Stored data:
lemma ratio_sum_eq_ennreal:
  assumes "\<forall>n\<in>{1..N}. c n \<ge> 0"
    and "\<forall>n\<in>{1..N}. exp_loss (eta n) (lam n g b) = 0 \<longrightarrow> c n * exp_loss (eta n) (lam n (q n) b) = 0"
  shows "ratio_sum N lam eta c q g b
    = ennreal (\<Sum>n\<in>{1..N}. c n * exp_loss (eta n) (lam n (q n) b) / exp_loss (eta n) (lam n g b))"
proof -
  have "ennreal (c n * exp_loss (eta n) (lam n (q n) b)) * inverse (ennreal (exp_loss (eta n) (lam n g b)))
      = ennreal (c n * exp_loss (eta n) (lam n (q n) b) / exp_loss (eta n) (lam n g b))" if "n \<in> {1..N}" for n
  proof (cases "exp_loss (eta n) (lam n g b) = 0")
    case False
    then have "exp_loss (eta n) (lam n g b) > 0" using exp_loss_nonneg by (simp add: less_le)
    then show ?thesis using assms(1) that by (simp add: ennreal_times_inverse exp_loss_nonneg)
  qed (use assms that in auto)
  then show ?thesis unfolding ratio_sum_def using assms(1)
    by (subst sum_ennreal[symmetric]) (auto intro!: sum.cong divide_nonneg_nonneg mult_nonneg_nonneg exp_loss_nonneg)
qed

lemma continuous_on_ratio_sum:
  assumes "proper_mixable_family N lam eta"
  shows "continuous_on {0..1} (\<lambda>g. ratio_sum N lam eta c q g b)"
  unfolding ratio_sum_def
proof (intro continuous_on_sum ennreal_continuous_on_cmult continuous_on_inverse_ennreal continuous_on_ennreal)
  show "continuous_on {0..1} (\<lambda>g. exp_loss (eta n) (lam n g b))" if "n \<in> {1..N}" for n
    using assms that unfolding proper_mixable_family_def by (intro continuous_on_exp_loss_loss) auto
qed simp

lemma ratio_sum_at_of_bool_le:
  assumes H: "proper_mixable_family N lam eta" and c: "\<forall>n\<in>{1..N}. c n \<ge> 0" and q: "\<forall>n\<in>{1..N}. q n \<in> {0..1}"
  shows "ratio_sum N lam eta c q (of_bool b) b \<le> ennreal (\<Sum>n\<in>{1..N}. c n)"
proof -
  have "ratio_sum N lam eta c q (of_bool b) b \<le> (\<Sum>n\<in>{1..N}. ennreal (c n))"
    unfolding ratio_sum_def
  proof (rule sum_mono)
    fix n assume n: "n \<in> {1..N}"
    let ?e = "\<lambda>g. exp_loss (eta n) (lam n g b)"
    have LF: "loss_function (lam n)" and PR: "proper_loss (lam n)" and "eta n > 0"
      using H n by (auto simp: proper_mixable_family_def)
    have pos: "?e (of_bool b) > 0"
      by (rule exp_loss_pos[OF proper_loss_finite_at_of_bool[OF LF PR]])
    have "?e (q n) \<le> ?e (of_bool b)"
      using exp_loss_antimono[OF \<open>eta n > 0\<close> proper_loss_le_at_of_bool[OF PR]] q n by auto
    then have "c n * ?e (q n) / ?e (of_bool b) \<le> c n"
      using pos c n by (simp add: divide_le_eq mult_left_mono)
    then show "ennreal (c n * ?e (q n)) * inverse (ennreal (?e (of_bool b))) \<le> ennreal (c n)"
      using pos c n by (simp add: ennreal_times_inverse exp_loss_nonneg ennreal_leI)
  qed
  also have "\<dots> = ennreal (\<Sum>n\<in>{1..N}. c n)" using c by (intro sum_ennreal) auto
  finally show ?thesis .
qed

lemma ratio_sum_interior_le:
  assumes H: "proper_mixable_family N lam eta" and c: "\<forall>n\<in>{1..N}. c n \<ge> 0" and q: "\<forall>n\<in>{1..N}. q n \<in> {0..1}"
    and p: "0 < p" "p < 1"
  shows "\<exists>b. ratio_sum N lam eta c q p b \<le> ennreal (\<Sum>n\<in>{1..N}. c n)"
proof -
  let ?e = "\<lambda>n g b. exp_loss (eta n) (lam n g b)"
  define F where "F b = (\<Sum>n\<in>{1..N}. c n * ?e n (q n) b / ?e n p b)" for b
  have F: "ratio_sum N lam eta c q p b = ennreal (F b)" for b
    unfolding F_def using c H p proper_loss_finite_interior
    by (intro ratio_sum_eq_ennreal) (auto simp: proper_mixable_family_def exp_loss_eq_0_iff)
  have "p * F True + (1-p) * F False
      = (\<Sum>n\<in>{1..N}. c n * (p * ?e n (q n) True / ?e n p True + (1-p) * ?e n (q n) False / ?e n p False))"
    unfolding F_def by (simp add: sum_distrib_left sum.distrib[symmetric] algebra_simps)
  also have "\<dots> \<le> (\<Sum>n\<in>{1..N}. c n * 1)"
    using c H q p by (intro sum_mono mult_left_mono proper_mixable_exp_loss_ratio) (auto simp: proper_mixable_family_def)
  finally have mix: "p * F True + (1-p) * F False \<le> (\<Sum>n\<in>{1..N}. c n)" by simp
  have "F True \<le> (\<Sum>n\<in>{1..N}. c n) \<or> F False \<le> (\<Sum>n\<in>{1..N}. c n)"
  proof (rule ccontr)
    assume "\<not> ?thesis"
    then have "p * (\<Sum>n\<in>{1..N}. c n) < p * F True" "(1-p) * (\<Sum>n\<in>{1..N}. c n) < (1-p) * F False"
      using p by auto
    then show False using mix by (simp add: algebra_simps)
  qed
  then show ?thesis unfolding F by (auto intro: ennreal_leI)
qed

lemma admissible_exists:
  assumes "proper_mixable_family N lam eta" "\<forall>n\<in>{1..N}. c n \<ge> 0" "\<forall>n\<in>{1..N}. q n \<in> {0..1}"
  shows "\<exists>g. admissible N lam eta c q g"
proof -
  have "\<exists>g\<in>{0..1}. ratio_sum N lam eta c q g True \<le> ennreal (\<Sum>n\<in>{1..N}. c n)
                 \<and> ratio_sum N lam eta c q g False \<le> ennreal (\<Sum>n\<in>{1..N}. c n)"
  proof (rule interval_closed_cover_common_point)
    show "ratio_sum N lam eta c q 1 True \<le> ennreal (\<Sum>n\<in>{1..N}. c n)"
      using ratio_sum_at_of_bool_le[OF assms, of True] by simp
    show "ratio_sum N lam eta c q 0 False \<le> ennreal (\<Sum>n\<in>{1..N}. c n)"
      using ratio_sum_at_of_bool_le[OF assms, of False] by simp
    show "\<forall>g\<in>{0..1}. ratio_sum N lam eta c q g True \<le> ennreal (\<Sum>n\<in>{1..N}. c n)
                    \<or> ratio_sum N lam eta c q g False \<le> ennreal (\<Sum>n\<in>{1..N}. c n)"
    proof
      fix g :: real assume "g \<in> {0..1}"
      then consider "g = 0" | "g = 1" | "0 < g" "g < 1" by fastforce
      then show "ratio_sum N lam eta c q g True \<le> ennreal (\<Sum>n\<in>{1..N}. c n)
                \<or> ratio_sum N lam eta c q g False \<le> ennreal (\<Sum>n\<in>{1..N}. c n)"
      proof cases
        case 3
        then obtain b where "ratio_sum N lam eta c q g b \<le> ennreal (\<Sum>n\<in>{1..N}. c n)"
          using ratio_sum_interior_le[OF assms] by blast
        then show ?thesis by (cases b) auto
      qed (use ratio_sum_at_of_bool_le[OF assms, of False] ratio_sum_at_of_bool_le[OF assms, of True] in auto)
    qed
  qed (use continuous_on_ratio_sum[OF assms(1)] in auto)
  then show ?thesis unfolding admissible_def all_bool_eq by blast
qed

text \<open>The fallback \<open>0\<close> is never used on legal plays (\<open>admissible_exists\<close>); it only keeps
  the strategy in \<open>[0, 1]\<close> when experts announce predictions outside \<open>[0, 1]\<close>.\<close>

definition aa_prediction :: "nat \<Rightarrow> loss_family \<Rightarrow> (nat \<Rightarrow> real) \<Rightarrow> (nat \<Rightarrow> real) \<Rightarrow> (nat \<Rightarrow> real) \<Rightarrow> real" where
  "aa_prediction N lam eta c q =
     (if \<exists>g. admissible N lam eta c q g then SOME g. admissible N lam eta c q g else 0)"

fun weights :: "nat \<Rightarrow> loss_family \<Rightarrow> (nat \<Rightarrow> real) \<Rightarrow> nat \<Rightarrow> (nat \<Rightarrow> nat \<Rightarrow> real) \<Rightarrow> (nat \<Rightarrow> bool)
    \<Rightarrow> nat \<Rightarrow> real" where
  "weights N lam eta 0 g w n = 1"
| "weights N lam eta (Suc t) g w n = weights N lam eta t g w n
     * exp_loss (eta n) (lam n (g (Suc t) n) (w (Suc t)))
     / exp_loss (eta n) (lam n (aa_prediction N lam eta (weights N lam eta t g w) (g (Suc t))) (w (Suc t)))"

definition aa_strategy :: "nat \<Rightarrow> loss_family \<Rightarrow> (nat \<Rightarrow> real) \<Rightarrow> nat \<Rightarrow> (nat \<Rightarrow> nat \<Rightarrow> real)
    \<Rightarrow> (nat \<Rightarrow> bool) \<Rightarrow> real" where
  "aa_strategy N lam eta t g w = (if t = 0 then 0 else aa_prediction N lam eta (weights N lam eta (t - 1) g w) (g t))"

lemma aa_strategy_Suc:
  "aa_strategy N lam eta (Suc t) g w = aa_prediction N lam eta (weights N lam eta t g w) (g (Suc t))"
  by (simp add: aa_strategy_def)

lemma weights_Suc_aa_strategy:
  "weights N lam eta (Suc t) g w n = weights N lam eta t g w n
     * exp_loss (eta n) (lam n (g (Suc t) n) (w (Suc t)))
     / exp_loss (eta n) (lam n (aa_strategy N lam eta (Suc t) g w) (w (Suc t)))"
  by (simp add: aa_strategy_Suc)

declare weights.simps(2) [simp del]

lemma aa_prediction_admissible:
  "\<exists>g. admissible N lam eta c q g \<Longrightarrow> admissible N lam eta c q (aa_prediction N lam eta c q)"
  unfolding aa_prediction_def by (simp add: someI_ex)

lemma aa_prediction_in_unit: "aa_prediction N lam eta c q \<in> {0..1}"
  using aa_prediction_admissible[of N lam eta c q]
  by (cases "\<exists>g. admissible N lam eta c q g") (auto simp: admissible_def aa_prediction_def)

lemma aa_prediction_cong:
  assumes "\<forall>n\<in>{1..N}. c n = c' n \<and> q n = q' n"
  shows "aa_prediction N lam eta c q = aa_prediction N lam eta c' q'"
proof -
  have "ratio_sum N lam eta c q = ratio_sum N lam eta c' q'"
    unfolding ratio_sum_def using assms by (intro ext sum.cong) auto
  moreover have "(\<Sum>n\<in>{1..N}. c n) = (\<Sum>n\<in>{1..N}. c' n)" using assms by (intro sum.cong) auto
  ultimately have "admissible N lam eta c q = admissible N lam eta c' q'"
    unfolding admissible_def by (intro ext) simp
  then show ?thesis by (simp add: aa_prediction_def)
qed

lemma weights_cong:
  assumes "\<forall>s\<in>{1..t}. \<forall>n\<in>{1..N}. g s n = g' s n" "\<forall>s\<in>{1..t}. w s = w' s" "n \<in> {1..N}"
  shows "weights N lam eta t g w n = weights N lam eta t g' w' n"
  using assms
proof (induction t arbitrary: n)
  case (Suc t)
  then have "\<forall>n\<in>{1..N}. weights N lam eta t g w n = weights N lam eta t g' w' n" by auto
  then have "aa_prediction N lam eta (weights N lam eta t g w) (g (Suc t))
      = aa_prediction N lam eta (weights N lam eta t g' w') (g' (Suc t))"
    using Suc.prems by (intro aa_prediction_cong) auto
  then show ?case using Suc by (simp add: weights.simps(2))
qed simp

*What is needed*
Among the entries above, find the line with "q = admissible" and the line with "case (Suc t)"; give again exactly these two lines and all lines between them.

*Response to this task*
  ultimately have "admissible N lam eta c q = admissible N lam eta c' q'"
    unfolding admissible_def by (intro ext) simp
  then show ?thesis by (simp add: aa_prediction_def)
qed

lemma weights_cong:
  assumes "\<forall>s\<in>{1..t}. \<forall>n\<in>{1..N}. g s n = g' s n" "\<forall>s\<in>{1..t}. w s = w' s" "n \<in> {1..N}"
  shows "weights N lam eta t g w n = weights N lam eta t g' w' n"
  using assms
proof (induction t arbitrary: n)
  case (Suc t)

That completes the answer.